With all art, you need to do it constantly, not only to hone your skills, but also to show the world that you're doing it. I'm not a writer, but as a musician, if I look at the website of another musician and it hasn't been updated with new stuff in the last year, I wonder what they're doing. On the other hand, those people who have new music on their site every few weeks, even if it isn't particularly fantastic, always come across as "real" musicians. They obviously are writing and playing all the time, and I'm much more inclined to contact one of them for a project than someone who's website isn't current.
posted by markblasco at 8:52 AM on May 6, 2013 [2 favorites]

If you want to freelance, I'd suggest finding stuff to write about, and pitching all the local papers and websites even the ones that don't pay ( I don't believe in working for free once you're established , but you need clips.) You don't need a J-school degree to be a journalist--you need to be curious about the world around you and know what questions to ask and how to write up what you find out in an engaging way.
I think you should relaunch your blog(s), because then you have a showcase for your previous work, and a home where people can find you. Start meeting editors, writers, etc.. Mpls isn't New York, but as the movie says, for many people it's the MinneApple , and thus, the Big City for miles around. Colleges, the U, arts organizations, corporations abound, along with a literate populace, means that people will want to hire someone who communicates well.
posted by Ideefixe at 9:07 AM on May 6, 2013 [1 favorite]

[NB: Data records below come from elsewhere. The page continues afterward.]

theorem theorem7p15:
  fixes W :: "'a::metric_space \<Rightarrow> 'a \<Rightarrow> real \<Rightarrow> 'a"
    and \<eta> :: "real \<Rightarrow> real \<Rightarrow> real"
    and C :: "'a set" and T :: "'a \<Rightarrow> 'a" and \<mu> :: real
    and L :: nat and lam :: "nat \<Rightarrow> real" and x :: 'a and b :: real
  assumes ucw: "UCW_hyperbolic W \<eta>"
    and C_ne: "C \<noteq> {}" and C_conv: "W_convex W C"
    and mu: "\<mu> \<ge> 1"
    and T_C: "\<forall>y\<in>C. T y \<in> C"
    and E: "condition_E \<mu> C T"
    and L: "L \<ge> 2"
    and lam: "\<forall>n. 1 / real L \<le> lam n \<and> lam n \<le> 1 - 1 / real L"
    and x: "x \<in> C"
    and b: "b > 0"
    and approx: "\<forall>\<gamma>>0. \<exists>p\<in>C. dist x p \<le> b \<and> dist p (T p) \<le> \<gamma>"
  shows "(\<forall>(k::nat) (g::nat \<Rightarrow> nat). \<exists>N \<le> Phi_plus \<eta> L b k g.
            \<forall>m\<in>{N..N + g N}. dist (KM_iter W T lam x m) (T (KM_iter W T lam x m)) \<le> 1 / (real k + 1))
       \<and> (\<forall>\<eta>' :: real \<Rightarrow> real \<Rightarrow> real.
            (\<forall>r e. 0 < r \<and> 0 < e \<and> e \<le> 2 \<longrightarrow> 0 < \<eta>' r e \<and> e * \<eta>' r e \<le> \<eta> r e) \<and>
            (\<forall>r e e'. 0 < r \<and> 0 < e \<and> e \<le> e' \<and> e' \<le> 2 \<longrightarrow> \<eta>' r e \<le> \<eta>' r e')
            \<longrightarrow> (\<forall>(k::nat) (g::nat \<Rightarrow> nat). \<exists>N \<le> Phi_plus \<eta>' L b k g.
                 \<forall>m\<in>{N..N + g N}. dist (KM_iter W T lam x m) (T (KM_iter W T lam x m)) \<le> 1 / (real k + 1)))"
proof -
  have Wh: "W_hyperbolic W" and uc: "uc_modulus W \<eta>" and mono: "monotone_modulus \<eta>"
    using ucw unfolding UCW_hyperbolic_def by auto
  have b0: "0 \<le> b" and L_pos: "0 < L" and c: "0 \<le> 1 / real L"
    using b L by auto
  let ?dist = "\<lambda>m. dist (KM_iter W T lam x m) (T (KM_iter W T lam x m))"
  have rate: "\<exists>N \<le> Phi_plus \<eta>' L b k g. \<forall>m\<in>{N..N + g N}. ?dist m \<le> 1 / (real k + 1)"
    if "0 < \<eta>' (b + 1) (1 / (4 * (real k + 1) * (b + 1)))"
      and "descent_rate \<eta> (1 / real L) b (1 / (real k + 1)) (theta_rate \<eta>' L b k)"
    for \<eta>' k g
    unfolding Phi_plus_def M_rate_def
    by (rule KM_metastability[OF Wh uc C_conv T_C mu E c lam x b0 approx
          theta_rate_pos[where \<eta> = \<eta>', OF L_pos that(1)] that(2)])
  have pos: "0 < \<eta> (b + 1) (1 / (4 * (real k + 1) * (b + 1)))" for k
    using uc_modulusD(1)[OF uc _ epsilon_rate_bounds[OF b0]] b by simp
  have pos': "0 < \<eta>' (b + 1) (1 / (4 * (real k + 1) * (b + 1)))"
    if "\<forall>r e. 0 < r \<and> 0 < e \<and> e \<le> 2 \<longrightarrow> 0 < \<eta>' r e \<and> e * \<eta>' r e \<le> \<eta> r e" for \<eta>' k
    using that epsilon_rate_bounds[OF b0] b by simp
  show ?thesis
  proof (intro conjI allI impI; (elim conjE)?)
    show "\<exists>N \<le> Phi_plus \<eta> L b k g. \<forall>m\<in>{N..N + g N}. ?dist m \<le> 1 / (real k + 1)" for k g
      using L by (intro rate pos descent_rate_theta_rate[OF mono less_imp_le[OF pos] _ b0]) auto
    show "\<exists>N \<le> Phi_plus \<eta>' L b k g. \<forall>m\<in>{N..N + g N}. ?dist m \<le> 1 / (real k + 1)"
      if "\<forall>r e. 0 < r \<and> 0 < e \<and> e \<le> 2 \<longrightarrow> 0 < \<eta>' r e \<and> e * \<eta>' r e \<le> \<eta> r e"
        and "\<forall>r e e'. 0 < r \<and> 0 < e \<and> e \<le> e' \<and> e' \<le> 2 \<longrightarrow> \<eta>' r e \<le> \<eta>' r e'"
      for \<eta>' k g
      by (intro rate pos'[OF that(1)] descent_rate_theta_rate_weak_modulus[OF mono that L b0])
  qed
qed

end
(* Let $U$, $x_i$, $x_{i+1/2}$, $h$, $\tilde h_R,\tilde h_L$ be as in the context, let $W_i:=\min_{j=1,\dots,k}(\tilde h_R(x_i;x_{j+1})+\tilde h_L(x_i;x_j))$ and $W(x)=\min_{j=1,\dots,k}\{W_j+h(x;x_j)\}$. Then for all $x\in\mathbb{S}^1$, $$W(x)=\min_{i=1,\dots,k}\min\{W_i+h(x;x_i),\ W(x_{i+1/2})+h(x;x_{i+1/2})\}.$$
   Context: $\mathbb{S}^1=\mathbb{R}/\mathbb{Z}$; $U:\mathbb{R}\to\mathbb{R}$ smooth, skew periodic ($U(x)=\tilde U(x)-\bar bx$, $\tilde U$ smooth 1-periodic), whose critical points in one period are exactly $k\ge1$ local minima $x_1,\dots,x_k$ interleaved with $k$ local maxima, $0=x_{1/2}<x_1<x_{3/2}<\dots<x_k<x_{k+1/2}=1$, $x_{i+\ell k}=x_i+\ell$. $L(s,x)=\frac14(s+U'(x))^2$. Peierls barrier from any $z\in\mathbb{S}^1$: $h(y;z)=\liminf_{T\to\infty}\inf\{\int_0^TL(\dot\gamma,\gamma)dt:\gamma:[0,T]\to\mathbb{S}^1$ absolutely continuous, $\gamma(0)=z,\gamma(T)=y\}$. Right barrier: for $y\in[x_i,x_{i+k}]$, $h_R(y;x_i)=\inf\{\int_0^TL(\dot\gamma,\gamma)dt:T\ge0,\gamma:[0,T]\to\mathbb{R}$ absolutely continuous, $\gamma(0)=x_i,\gamma(T)=y\}$; left barrier $h_L(y;x_i)$, $y\in[x_{i-k},x_i]$, same formula. For $i,j\in\{1,\dots,k\}$ ($x_{k+1}=x_1+1$): $\tilde h_R(x_i;x_{j+1})=h_R(x_i;x_{j+1})$ if $j<i$, $=h_R(x_{i+k};x_{j+1})$ if $j\ge i$; $\tilde h_L(x_i;x_j)=h_L(x_i;x_j)$ if $j\ge i$, $=h_L(x_{i-k};x_j)$ if $j<i$. *)

theory Defs
  imports "HOL-Analysis.Analysis"
begin

definition smooth_fun :: "(real \<Rightarrow> real) \<Rightarrow> bool" where
  "smooth_fun f \<longleftrightarrow> (\<forall>n x. ((deriv ^^ n) f) differentiable (at x))"

definition abs_cont_on :: "real \<Rightarrow> real \<Rightarrow> (real \<Rightarrow> real) \<Rightarrow> bool" where
  "abs_cont_on a b f \<longleftrightarrow>
     (\<forall>\<epsilon>>0. \<exists>\<delta>>0. \<forall>(n::nat) (u::nat \<Rightarrow> real) v.
        (\<forall>i<n. a \<le> u i \<and> u i \<le> v i \<and> v i \<le> b) \<and>
        (\<forall>i<n. \<forall>j<n. i \<noteq> j \<longrightarrow> v i \<le> u j \<or> v j \<le> u i) \<and>
        (\<Sum>i<n. v i - u i) < \<delta>
        \<longrightarrow> (\<Sum>i<n. \<bar>f (v i) - f (u i)\<bar>) < \<epsilon>)"

definition lagr :: "(real \<Rightarrow> real) \<Rightarrow> real \<Rightarrow> real \<Rightarrow> real" where
  "lagr U s x = (s + deriv U x)\<^sup>2 / 4"

text \<open>Action of a (lifted) curve gamma on [0,T]; the integrand is nonnegative, so we use the
  nonnegative Lebesgue integral (values in ennreal).  The derivative of an absolutely continuous
  curve exists almost everywhere; elsewhere the value of vector_derivative is irrelevant.\<close>
definition action :: "(real \<Rightarrow> real) \<Rightarrow> real \<Rightarrow> (real \<Rightarrow> real) \<Rightarrow> ennreal" where
  "action U T \<gamma> = (\<integral>\<^sup>+ t \<in> {0..T}. ennreal (lagr U (vector_derivative \<gamma> (at t)) (\<gamma> t)) \<partial>lborel)"

text \<open>Peierls barrier h(y;z) on the circle R/Z, computed with lifts to R: a curve on S^1 from
  z to y corresponds to a lifted curve in R from z ending in y + Z.\<close>
definition peierls :: "(real \<Rightarrow> real) \<Rightarrow> real \<Rightarrow> real \<Rightarrow> ennreal" where
  "peierls U y z = Liminf at_top (\<lambda>T::real.
      INF \<gamma> \<in> {\<gamma>. abs_cont_on 0 T \<gamma> \<and> \<gamma> 0 = z \<and> \<gamma> T - y \<in> \<int>}. action U T \<gamma>)"

text \<open>Both the right barrier h_R and the left barrier h_L are given by this same formula
  (they differ only in the range of y where they are used).\<close>
definition line_barrier :: "(real \<Rightarrow> real) \<Rightarrow> real \<Rightarrow> real \<Rightarrow> ennreal" where
  "line_barrier U y z = (INF (T, \<gamma>) \<in> {(T, \<gamma>). T \<ge> 0 \<and> abs_cont_on 0 T \<gamma> \<and> \<gamma> 0 = z \<and> \<gamma> T = y}.
      action U T \<gamma>)"

definition hR :: "(real \<Rightarrow> real) \<Rightarrow> real \<Rightarrow> real \<Rightarrow> ennreal" where
  "hR U y z = line_barrier U y z"

definition hL :: "(real \<Rightarrow> real) \<Rightarrow> real \<Rightarrow> real \<Rightarrow> ennreal" where
  "hL U y z = line_barrier U y z"

text \<open>xm i = x_i (minima), extended to all integers by x_{i+lk} = x_i + l.\<close>
definition tilde_hR :: "(real \<Rightarrow> real) \<Rightarrow> (int \<Rightarrow> real) \<Rightarrow> nat \<Rightarrow> int \<Rightarrow> int \<Rightarrow> ennreal" where
  "tilde_hR U xm k i j =
     (if j < i then hR U (xm i) (xm (j + 1)) else hR U (xm (i + int k)) (xm (j + 1)))"

definition tilde_hL :: "(real \<Rightarrow> real) \<Rightarrow> (int \<Rightarrow> real) \<Rightarrow> nat \<Rightarrow> int \<Rightarrow> int \<Rightarrow> ennreal" where
  "tilde_hL U xm k i j =
     (if j \<ge> i then hL U (xm i) (xm j) else hL U (xm (i - int k)) (xm j))"

definition Wmin :: "(real \<Rightarrow> real) \<Rightarrow> (int \<Rightarrow> real) \<Rightarrow> nat \<Rightarrow> int \<Rightarrow> ennreal" where
  "Wmin U xm k i = Min ((\<lambda>j. tilde_hR U xm k i j + tilde_hL U xm k i j) ` {1..int k})"

definition Wfun :: "(real \<Rightarrow> real) \<Rightarrow> (int \<Rightarrow> real) \<Rightarrow> nat \<Rightarrow> real \<Rightarrow> ennreal" where
  "Wfun U xm k x = Min ((\<lambda>j. Wmin U xm k j + peierls U x (xm j)) ` {1..int k})"
section \<open>Lebesgue measure under affine maps\<close>

lemma measure_coordinate_swap_cbox:
  fixes a b :: "real^'n"
  shows "measure lebesgue ((\<lambda>x. \<chi> i. x $ Transposition.transpose m n i) ` cbox a b)
    = measure lebesgue (cbox a b)"
proof -
  let ?\<tau> = "Transposition.transpose m n"
  let ?h = "\<lambda>x::real^'n. \<chi> i. x $ ?\<tau> i"
  have box: "?h ` cbox a b = cbox (?h a) (?h b)"
  proof (intro set_eqI iffI)
    fix y assume "y \<in> ?h ` cbox a b"
    then show "y \<in> cbox (?h a) (?h b)" by (auto simp: mem_box_cart)
  next
    fix y assume "y \<in> cbox (?h a) (?h b)"
    then have "?h y \<in> cbox a b" by (simp add: mem_box_cart) (metis transpose_involutory)
    moreover have "y = ?h (?h y)" by (simp add: vec_eq_iff)
    ultimately show "y \<in> ?h ` cbox a b" by blast
  qed
  have "(\<Prod>i\<in>UNIV. b $ i - a $ i) = (\<Prod>i\<in>UNIV. b $ ?\<tau> i - a $ ?\<tau> i)"
    using prod.permute[of ?\<tau> UNIV "\<lambda>i. b $ i - a $ i"] by (simp add: permutes_swap_id o_def)
  moreover have "cbox (?h a) (?h b) = {} \<longleftrightarrow> cbox a b = {}"
    by (simp flip: box)
  ultimately show ?thesis
    by (simp add: box content_cbox_if_cart)
qed
lemma smooth_net_continuous_on:
  assumes "smooth_net r"
  shows "continuous_on I_eps r"
proof -
  obtain D where D0: "\<forall>t\<in>I_eps. D 0 t = r t"
    and D: "\<forall>k. \<forall>t\<in>I_eps. (D k has_vector_derivative D (Suc k) t) (at t within I_eps)"
    using assms unfolding smooth_net_def by blast
  have "continuous_on I_eps (D 0)"
    unfolding continuous_on_eq_continuous_within using D has_vector_derivative_continuous by blast
  then show ?thesis
    using D0 continuous_on_cong by force
qed

lemma EM_sm_subset_EM_co: "EM_sm \<subseteq> EM_co"
  by (auto simp: EM_sm_def EM_co_def smooth_net_continuous_on)

lemma norm_in_EM_co:
  fixes r :: "real \<Rightarrow> 'a::real_normed_field"
  assumes "r \<in> EM_sm"
  shows "(\<lambda>e. of_real (norm (r e)) :: 'a) \<in> EM_co"
proof -
  have "continuous_on I_eps r"
    using assms EM_sm_subset_EM_co by (auto simp: EM_co_def)
  then have "continuous_on I_eps (\<lambda>e. of_real (norm (r e)) :: 'a)"
    by (intro continuous_intros)
  moreover have "moderate_net (\<lambda>e. of_real (norm (r e)) :: 'a)"
    using assms by (simp add: EM_sm_def moderate_net_def)
  ultimately show ?thesis
    by (simp add: EM_co_def)
qed

lemma EM_sm_sign_approximation:
  fixes r :: "real \<Rightarrow> 'a::real_normed_field"
  assumes "r \<in> EM_sm"
  obtains z where "z \<in> EM_sm" "negligible_net (\<lambda>e. r e * z e - of_real (norm (r e)))"
proof -
  obtain z where z: "smooth_net z" and bounded: "\<And>e. e \<in> I_eps \<Longrightarrow> norm (z e) \<le> 1"
    and approx: "\<And>e. e \<in> I_eps \<Longrightarrow> norm (r e * z e - of_real (norm (r e))) \<le> 2 * exp (- 1 / e)"
    using assms smooth_net_sign_approximation unfolding EM_sm_def by blast
  have "z \<in> EM_sm"
    using z moderate_netI_bounded[OF bounded] by (simp add: EM_sm_def)
  moreover have "negligible_net (\<lambda>e. r e * z e - of_real (norm (r e)))"
    using approx by (rule negligible_netI_exp_neg_inverse)
  ultimately show ?thesis
    by (rule that)
qed

lemma negligible_net_diff_commute:
  "negligible_net (\<lambda>e. r e - s e) \<Longrightarrow> negligible_net (\<lambda>e. s e - r e)"
  using negligible_net_uminus[of "\<lambda>e. r e - s e"] by simp

lemma negligible_net_diff_trans:
  "negligible_net (\<lambda>e. r e - s e) \<Longrightarrow> negligible_net (\<lambda>e. s e - t e) \<Longrightarrow>
    negligible_net (\<lambda>e. r e - t e)"
  using negligible_net_add[of "\<lambda>e. r e - s e" "\<lambda>e. s e - t e"] by simp

lemma equiv_rel_sm: "equiv EM_sm rel_sm"
proof (rule equivI)
  show "rel_sm \<subseteq> EM_sm \<times> EM_sm" "refl_on EM_sm rel_sm"
    by (auto simp: rel_sm_def refl_on_def negligible_net_zero)
  show "sym rel_sm"
    unfolding sym_def rel_sm_def by (auto intro: negligible_net_diff_commute)
  show "trans rel_sm"
    unfolding trans_def rel_sm_def by (auto intro: negligible_net_diff_trans)
qed

lemma equiv_rel_co: "equiv EM_co rel_co"
proof (rule equivI)
  show "rel_co \<subseteq> EM_co \<times> EM_co" "refl_on EM_co rel_co"
    by (auto simp: rel_co_def refl_on_def negligible_net_zero)
  show "sym rel_co"
    unfolding sym_def rel_co_def by (auto intro: negligible_net_diff_commute)
  show "trans rel_co"
    unfolding trans_def rel_co_def by (auto intro: negligible_net_diff_trans)
qed

lemma rep_in_class:
  assumes "X \<in> EM_sm // rel_sm"
  shows "rep X \<in> X"
proof -
  have "X \<noteq> {}"
    using assms equiv_rel_sm by (auto elim!: quotientE dest: equiv_class_self)
  then obtain r where "r \<in> X"
    by blast
  then show ?thesis
    unfolding rep_def by (rule someI[where P = "\<lambda>r. r \<in> X"])
qed

lemma rel_sm_rep_cls_sm:
  "cls_sm r \<in> carrier Ksm \<Longrightarrow> (r, rep (cls_sm r)) \<in> rel_sm"
  using rep_in_class[of "cls_sm r"] by (simp add: Ksm_def cls_sm_def)

lemma rep_Ksm:
  assumes "X \<in> carrier Ksm"
  shows "rep X \<in> EM_sm" "cls_sm (rep X) = X"
proof -
  obtain r where r: "X = cls_sm r"
    using assms by (auto simp: Ksm_def cls_sm_def elim: quotientE)
  then have "(r, rep X) \<in> rel_sm"
    using assms rel_sm_rep_cls_sm by blast
  then show "rep X \<in> EM_sm" "cls_sm (rep X) = X"
    using r equiv_class_eq[OF equiv_rel_sm, of r "rep X"] by (auto simp: rel_sm_def cls_sm_def)
qed

lemma cls_sm_in_carrier: "r \<in> EM_sm \<Longrightarrow> cls_sm r \<in> carrier Ksm"
  by (simp add: Ksm_def cls_sm_def quotientI)

lemma negligible_rep_mult_Ksm:
  assumes "X \<otimes>\<^bsub>Ksm\<^esub> Y \<in> carrier Ksm"
  shows "negligible_net (\<lambda>e. rep (X \<otimes>\<^bsub>Ksm\<^esub> Y) e - rep X e * rep Y e)"
proof -
  have "X \<otimes>\<^bsub>Ksm\<^esub> Y = cls_sm (\<lambda>e. rep X e * rep Y e)"
    by (simp add: Ksm_def)
  then show ?thesis
    using assms rel_sm_rep_cls_sm[of "\<lambda>e. rep X e * rep Y e"]
    by (simp add: rel_sm_def negligible_net_diff_commute)
qed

Hi TrishaLynn, we met at your meetup. I will have a look around my contacts to see if I know anyone who works in writing or editing that I can connect you with. In the meantime, if you decide to look for a unrelated 9-5 job that just pays the bills, I work for a big company here in Minneapolis which is definitely hiring and I might be able to help out.
posted by triggerfinger at 9:31 AM on May 6, 2013

Thanks so much for all the advice so far. My husband and I worked on tailoring my resume to be more of a functional one, and I'm following-up with some of the people in this thread who were kind enough to MeMail me information and help. If anyone's still reading, keep it coming!
posted by TrishaLynn at 5:37 AM on May 7, 2013

Hey TrishaLynn!
I haven't done much professional writing myself, but I recently found lists of places that will pay for your writing ( Those will probably not lead to a career right away per se, but it might help you build up your experience and get you to think of yourself as a writer maybe?